The Zabalaza Anarchist Communist Front (ZACF, also known as ZabFront or simply as Zabalaza), formerly known as the Zabalaza Anarchist Communist Federation (ZabFed), is a platformist–especifista anarchist political organisation in South Africa, based primarily in Johannesburg. The word zabalaza means "struggle" or "active rebellion" in isiZulu, isiXhosa and isiNdebele. Initially, as ZabFed, it was a federation of pre-existing collectives, mainly in Soweto and Johannesburg. It is now a unitary organisation based on individual applications for membership, describing itself as a "federation of individuals". Historically the majority of members have been people of colour. Initially the ZACF had sections in both South Africa and Swaziland. The two sections were split in 2007, but the Swazi group faltered in 2008. Currently the ZACF also recruits in Zimbabwe.
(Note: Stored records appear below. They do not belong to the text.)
lemma unimodular_normalize:
  assumes "unimodular a" shows "\<exists>c. c dvd 1 \<and> normalized (vsmul a c)"
proof -
  obtain a1 a2 a3 where a: "a = (a1, a2, a3)" by (cases a)
  have nonunit_mult: "\<not> (x * c) dvd 1" if "\<not> x dvd 1" for x c :: 'a
    using that dvd_mult_left by blast
  consider "a1 dvd 1" | "\<not> a1 dvd 1" "a2 dvd 1" | "\<not> a1 dvd 1" "\<not> a2 dvd 1" "a3 dvd 1"
    using assms by (auto simp: a unimodular_def)
  then show ?thesis
  proof cases
    case 1
    then obtain c where "a1 * c = 1" by (metis dvdE)
    then show ?thesis
      by (intro exI[of _ c]) (auto simp: a vsmul_def normalized_def intro: unit_factor_dvd_one)
  next
    case 2
    then obtain c where "a2 * c = 1" by (metis dvdE)
    then show ?thesis using 2 nonunit_mult
      by (intro exI[of _ c]) (auto simp: a vsmul_def normalized_def intro: unit_factor_dvd_one)
  next
    case 3
    then obtain c where "a3 * c = 1" by (metis dvdE)
    then show ?thesis using 3 nonunit_mult
      by (intro exI[of _ c]) (auto simp: a vsmul_def normalized_def intro: unit_factor_dvd_one)
  qed
qed

lemma normalized_imp_indep1: "normalized v \<Longrightarrow> indep1 v"
  by (auto simp: normalized_def indep1_def vsmul_def vzero_def split: prod.splits)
Members have historically faced repression in both Swaziland and South Africa.

The ZACF is rooted in the Organisational Platform of the General Union of Anarchists (Draft) by the Dielo Truda group, but it does not accept the document uncritically. The ZACF is also inspired by the pamphlet Towards a Fresh Revolution, written by the Friends of Durruti, a grouping of Confederación Nacional del Trabajo (CNT, or National Confederation of Labour) members, during the Spanish Revolution, as well as by Georges Fontenis' post-war pamphlet Manifesto of Libertarian Communism. More recently it has come under the influence of South American especifismo, a tendency which originated in the Federación Anarquista Uruguaya (FAU, or Uruguayan Anarchist Federation).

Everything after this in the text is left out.